BigQuery User Defined Aggregation Function?


I know I can define a User Defined Function in order to perform some custom calculation. I also know I can use the 'out-of-the-box' aggregation functions to reduce a collection of values to a single value when using a GROUP BY clause.

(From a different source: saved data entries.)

(* Suppose there exists a $\pi_p$-bounded element $\xi\in G$. Then $H^0_{\mathrm{ct}}(G,\pi_p)=L^p(G,V)^G=\{0\}$.
   Context: $G$ is a locally compact second countable group with left Haar measure; $(\pi_0,V)$ is a continuous representation of $G$ on a separable Banach space $V$; for $p>1$, $\pi_p$ is the representation on the Bochner space $L^p(G,V)$ given by $(\pi(g)f)(h)=\pi_0(g)(f(hg))$, and $L^p(G,V)^G$ its space of $G$-invariant vectors. An element $\xi$ is $\pi_p$-bounded if $\{\xi^n:n>0\}$ is not relatively compact and $\sup_{n>0}|||\pi(\xi^n)|||_{L^p(G,V)}<\infty$. *)

theory Defs
  imports "HOL-Analysis.Analysis"
begin

text \<open>The group G is written additively (class topological_group_add; group_add is NOT
  assumed commutative). Hence g h in the paper is g + h, and xi^n is gpow xi n.\<close>

definition gpow :: "'g::group_add \<Rightarrow> nat \<Rightarrow> 'g" where
  "gpow \<xi> n = (((+) \<xi>) ^^ n) 0"

definition left_haar_measure :: "'g::{topological_group_add} measure \<Rightarrow> bool" where
  "left_haar_measure M \<longleftrightarrow>
     sets M = sets borel \<and> space M = UNIV \<and>
     (\<forall>g A. A \<in> sets borel \<longrightarrow> emeasure M ((+) g ` A) = emeasure M A) \<and>
     (\<forall>K. compact K \<longrightarrow> emeasure M K < \<infinity>) \<and>
     (\<forall>U. open U \<and> U \<noteq> {} \<longrightarrow> emeasure M U > 0)"
lemma gbar_eq_frechet_derivative:
  assumes "finsler_norm F" "v \<noteq> 0"
  shows "gbar F v w = frechet_derivative (\<lambda>y. (F y)^2) (at v) w / 2"
proof -
  let ?G = "\<lambda>y. (F y)^2"
  have "(\<Sum>\<alpha>\<in>UNIV. v$\<alpha> * pderiv_at \<beta> (pderiv_at \<alpha> ?G) v) = (real 2 - 1) * pderiv_at \<beta> ?G v" for \<beta>
    by (rule euler_homogeneous_pderiv)
       (use finsler_norm_sq_homogeneous[OF assms(1)] finsler_norm_sq_differentiable[OF assms(1)] assms(2) in auto)
  then have euler2: "(\<Sum>\<alpha>\<in>UNIV. v$\<alpha> * pderiv_at \<beta> (pderiv_at \<alpha> ?G) v) = pderiv_at \<beta> ?G v" for \<beta>
    by simp
  have "gbar F v w = (\<Sum>\<alpha>\<in>UNIV. \<Sum>\<beta>\<in>UNIV. (1/2) * w$\<beta> * (v$\<alpha> * pderiv_at \<beta> (pderiv_at \<alpha> ?G) v))"
    unfolding gbar_def fund_tensor_def using assms(2) by (simp add: algebra_simps)
  also have "\<dots> = (\<Sum>\<beta>\<in>UNIV. (1/2) * w$\<beta> * (\<Sum>\<alpha>\<in>UNIV. v$\<alpha> * pderiv_at \<beta> (pderiv_at \<alpha> ?G) v))"
    by (subst sum.swap) (simp add: sum_distrib_left)
  also have "\<dots> = (\<Sum>\<beta>\<in>UNIV. (1/2) * w$\<beta> * pderiv_at \<beta> ?G v)"
    by (simp add: euler2)
  also have "\<dots> = frechet_derivative ?G (at v) w / 2"
    using frechet_derivative_eq_sum_pderiv[OF finsler_norm_sq_differentiable(1)[OF assms], of w]
    by (simp add: sum_divide_distrib)
  finally show ?thesis .
qed

lemma gbar_self: "finsler_norm F \<Longrightarrow> v \<noteq> 0 \<Longrightarrow> gbar F v v = (F v)^2"
  by (simp add: gbar_eq_frechet_derivative finsler_norm_sq_euler)

lemma finsler_norm_pos:
  assumes "finsler_norm F" "x \<noteq> 0"
  shows "F x > 0"
proof -
  have "(F x)^2 > 0"
    using gbar_self[OF assms] gbar_self_eq_fund_form[OF assms(2)] fund_form_pos[OF assms assms(2)]
    by simp
  then show ?thesis using finsler_norm_nonneg[OF assms(1), of x] by (simp add: less_le)
qed

lemma finsler_norm_sq_line_deriv:
  assumes "finsler_norm F" "x + t *\<^sub>R \<xi> \<noteq> 0"
  shows "((\<lambda>s. (F (x + s *\<^sub>R \<xi>))^2) has_real_derivative
           (\<Sum>\<alpha>\<in>UNIV. \<xi>$\<alpha> * pderiv_at \<alpha> (\<lambda>y. (F y)^2) (x + t *\<^sub>R \<xi>))) (at t)"
  using has_field_derivative_along_line[OF finsler_norm_sq_differentiable(1)[OF assms]]
    frechet_derivative_eq_sum_pderiv[OF finsler_norm_sq_differentiable(1)[OF assms]]
  by simp

lemma finsler_norm_sq_line_deriv2:
  assumes "finsler_norm F" "x + t *\<^sub>R \<xi> \<noteq> 0"
  shows "((\<lambda>s. \<Sum>\<alpha>\<in>UNIV. \<xi>$\<alpha> * pderiv_at \<alpha> (\<lambda>y. (F y)^2) (x + s *\<^sub>R \<xi>)) has_real_derivative
           2 * fund_form F (x + t *\<^sub>R \<xi>) \<xi>) (at t)"
proof -
  let ?G = "\<lambda>y. (F y)^2"
  let ?y = "x + t *\<^sub>R \<xi>"
  have "((\<lambda>s. \<Sum>\<alpha>\<in>UNIV. \<xi>$\<alpha> * pderiv_at \<alpha> ?G (x + s *\<^sub>R \<xi>)) has_real_derivative
           (\<Sum>\<alpha>\<in>UNIV. \<xi>$\<alpha> * (\<Sum>\<beta>\<in>UNIV. \<xi>$\<beta> * pderiv_at \<beta> (pderiv_at \<alpha> ?G) ?y))) (at t)"
  proof (intro DERIV_sum DERIV_cmult)
    fix \<alpha>
    note d = finsler_norm_sq_differentiable(2)[OF assms, of \<alpha>]
    show "((\<lambda>s. pderiv_at \<alpha> ?G (x + s *\<^sub>R \<xi>)) has_real_derivative
           (\<Sum>\<beta>\<in>UNIV. \<xi>$\<beta> * pderiv_at \<beta> (pderiv_at \<alpha> ?G) ?y)) (at t)"
      using has_field_derivative_along_line[OF d] frechet_derivative_eq_sum_pderiv[OF d] by simp
  qed
  then show ?thesis
    unfolding fund_form_def fund_tensor_def by (simp add: sum_distrib_left algebra_simps)
qed

text \<open>Along the segment from \<open>v\<close> to \<open>u\<close>, \<open>F\<^sup>2\<close> is strictly convex by positivity of the fundamental
  tensor, so it starts out decreasing. If the segment meets the origin, \<open>u - v\<close> is a negative
  multiple of \<open>v\<close> and Euler's identity applies instead.\<close>

lemma finsler_norm_sq_deriv_toward_sphere_nonpos:
  assumes "finsler_norm F" "v \<noteq> 0" "F u = F v"
  shows "frechet_derivative (\<lambda>y. (F y)^2) (at v) (u - v) \<le> 0"
proof -
  let ?G = "\<lambda>y. (F y)^2"
  let ?D = "frechet_derivative ?G (at v)"
  have lin: "linear ?D"
    using finsler_norm_sq_differentiable(1)[OF assms(1,2)] frechet_derivative_works has_derivative_linear
    by blast
  consider (through_origin) t where "0 \<le> t" "t \<le> 1" "v + t *\<^sub>R (u - v) = 0"
    | (avoids_origin) "\<And>t. 0 \<le> t \<Longrightarrow> t \<le> 1 \<Longrightarrow> v + t *\<^sub>R (u - v) \<noteq> 0"
    by blast
  then show ?thesis
  proof cases
    case through_origin
    then have "t > 0" using assms(2) by (cases "t = 0") auto
    have "t *\<^sub>R (u - v) = - v"
      using through_origin(3) by (metis add.commute eq_neg_iff_add_eq_0)
    then have "t * ?D (u - v) = - ?D v"
      using linear_scale[OF lin, of t "u - v"] linear_neg[OF lin, of v] by simp
    also have "\<dots> \<le> 0" using finsler_norm_sq_euler[OF assms(1,2)] by simp
    finally show ?thesis using \<open>t > 0\<close> by (simp add: mult_le_0_iff)
  next
    case avoids_origin
    show ?thesis
    proof (cases "u = v")
      case True
      then show ?thesis using linear_0[OF lin] by simp
    next
      case False
      let ?\<phi>' = "\<lambda>s. \<Sum>\<alpha>\<in>UNIV. (u - v)$\<alpha> * pderiv_at \<alpha> ?G (v + s *\<^sub>R (u - v))"
      have "?\<phi>' 0 < 0"
      proof (rule strictly_convex_equal_ends_deriv_neg[where \<phi> = "\<lambda>s. ?G (v + s *\<^sub>R (u - v))"
            and \<phi>'' = "\<lambda>s. 2 * fund_form F (v + s *\<^sub>R (u - v)) (u - v)"])
        show "?G (v + 1 *\<^sub>R (u - v)) = ?G (v + 0 *\<^sub>R (u - v))" using assms(3) by simp
      next
        fix s :: real assume "0 \<le> s" "s \<le> 1"
        then have on_segment: "v + s *\<^sub>R (u - v) \<noteq> 0" by (rule avoids_origin)
        show "((\<lambda>s. ?G (v + s *\<^sub>R (u - v))) has_real_derivative ?\<phi>' s) (at s)"
          by (rule finsler_norm_sq_line_deriv[OF assms(1) on_segment])
        show "(?\<phi>' has_real_derivative 2 * fund_form F (v + s *\<^sub>R (u - v)) (u - v)) (at s)"
          by (rule finsler_norm_sq_line_deriv2[OF assms(1) on_segment])
        show "2 * fund_form F (v + s *\<^sub>R (u - v)) (u - v) > 0"
          using fund_form_pos[OF assms(1) on_segment] False by simp
      qed
      then show ?thesis
        using frechet_derivative_eq_sum_pderiv[OF finsler_norm_sq_differentiable(1)[OF assms(1,2)]]
        by simp
    qed
  qed
qed

text \<open>Rescale \<open>w\<close> onto the sphere through \<open>v\<close>.\<close>

lemma finsler_norm_sq_deriv_le:
  assumes "finsler_norm F" "v \<noteq> 0"
  shows "frechet_derivative (\<lambda>y. (F y)^2) (at v) w \<le> 2 * F v * F w"
proof -
  let ?D = "frechet_derivative (\<lambda>y. (F y)^2) (at v)"
  have lin: "linear ?D"
    using finsler_norm_sq_differentiable(1)[OF assms] frechet_derivative_works has_derivative_linear
    by blast
  have Fv: "F v > 0" by (rule finsler_norm_pos[OF assms])
  show ?thesis
  proof (cases "w = 0")
    case True
    then show ?thesis using linear_0[OF lin] Fv finsler_norm_nonneg[OF assms(1), of 0] by simp
  next
    case False
    then have Fw: "F w > 0" by (rule finsler_norm_pos[OF assms(1)])
    define c where "c = F v / F w"
    have "c > 0" using Fv Fw by (simp add: c_def)
    then have "F (c *\<^sub>R w) = F v"
      using Fw finsler_norm_homogeneous[OF assms(1)] by (simp add: c_def)
    then have "?D (c *\<^sub>R w - v) \<le> 0"
      by (rule finsler_norm_sq_deriv_toward_sphere_nonpos[OF assms])
    moreover have "?D (c *\<^sub>R w - v) = c * ?D w - 2 * (F v)^2"
      using linear_diff[OF lin] linear_scale[OF lin] finsler_norm_sq_euler[OF assms] by simp
    ultimately have "c * ?D w \<le> 2 * (F v)^2" by linarith
    have "F v * ?D w = F w * (c * ?D w)" using Fw by (simp add: c_def)
    also have "\<dots> \<le> F w * (2 * (F v)^2)"
      using mult_left_mono[OF \<open>c * ?D w \<le> 2 * (F v)^2\<close>] Fw by simp
    also have "\<dots> = F v * (2 * F v * F w)" by (simp add: power2_eq_square)
    finally show ?thesis using Fv by simp
  qed
qed

lemma gbar_le_norm_mult:
  assumes "finsler_norm F"
  shows "gbar F v w \<le> F v * F w"
proof (cases "v = 0")
  case True
  then show ?thesis using finsler_norm_nonneg[OF assms] by (simp add: gbar_def)
next
  case False
  then show ?thesis
    using gbar_eq_frechet_derivative[OF assms False, of w] finsler_norm_sq_deriv_le[OF assms False, of w]
    by linarith
qed

lemma reverse_cauchy_schwarz_timelike:
  fixes a b g v0 w0 :: real
  assumes "0 \<le> a" "a \<le> v0" "0 \<le> b" "b \<le> w0" "g \<le> a * b"
  shows "(v0 * w0 - g)^2 - (v0^2 - a^2) * (w0^2 - b^2) \<ge> 0"
proof -
  have "a * b \<le> v0 * w0" using assms by (intro mult_mono) auto
  then have "(v0 * w0 - a * b)^2 \<le> (v0 * w0 - g)^2"
    using assms(5) by (intro power_mono) auto
  moreover have "(v0 * w0 - a * b)^2 - (v0^2 - a^2) * (w0^2 - b^2) = (v0 * b - a * w0)^2"
    by (simp add: power2_eq_square algebra_simps)
  moreover have "(v0 * b - a * w0)^2 \<ge> 0" by simp
  ultimately show ?thesis by linarith
qed

theorem mainTheorem11:
  fixes F :: "real^'n \<Rightarrow> real" and v w :: "real^'n" and v0 w0 :: real
  assumes "finsler_norm F"
    and "v0 > 0" and "w0 > 0"
    and "v0^2 - (F v)^2 > 0" and "w0^2 - (F w)^2 > 0"
  shows "(v0 * w0 - gbar F v w)^2 - (v0^2 - (F v)^2) * (w0^2 - (F w)^2) \<ge> 0"
proof (rule reverse_cauchy_schwarz_timelike)
  show "0 \<le> F v" "0 \<le> F w" using finsler_norm_nonneg[OF assms(1)] by auto
  show "F v \<le> v0" by (rule power2_le_imp_le) (use assms(2,4) in linarith)+
  show "F w \<le> w0" by (rule power2_le_imp_le) (use assms(3,5) in linarith)+
  show "gbar F v w \<le> F v * F w" by (rule gbar_le_norm_mult[OF assms(1)])
qed

end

Is it possible to define a custom user-defined, Aggregation Function to use with a GROUP BY clause?


Solution

  • Turns out that this IS possible (as long as the groups we seek to aggregate are of a reasonable size in memory) with a little bit of 'glue' - namely the ARRAY_AGG function

    The steps are as follows:

    1. Create a UDF with an input parameter of type ARRAY<T> where T is the type of value you want to aggregate.
    2. Use the ARRAY_AGG function in the query with the GROUP BY clause to generate an array of T and pass into your UDF.

    As a concrete example:

    CREATE TEMP FUNCTION aggregate_fruits(fruits ARRAY<STRING>)
    RETURNS STRING
    LANGUAGE js AS """
    return "my fruit bag contains these items: " + fruits.join(",");
    """;
    
    WITH fruits AS
    (SELECT "apple" AS fruit
    UNION ALL SELECT "pear" AS fruit
    UNION ALL SELECT "banana" AS fruit)
    
    SELECT aggregate_fruits(ARRAY_AGG(fruit))
    FROM fruits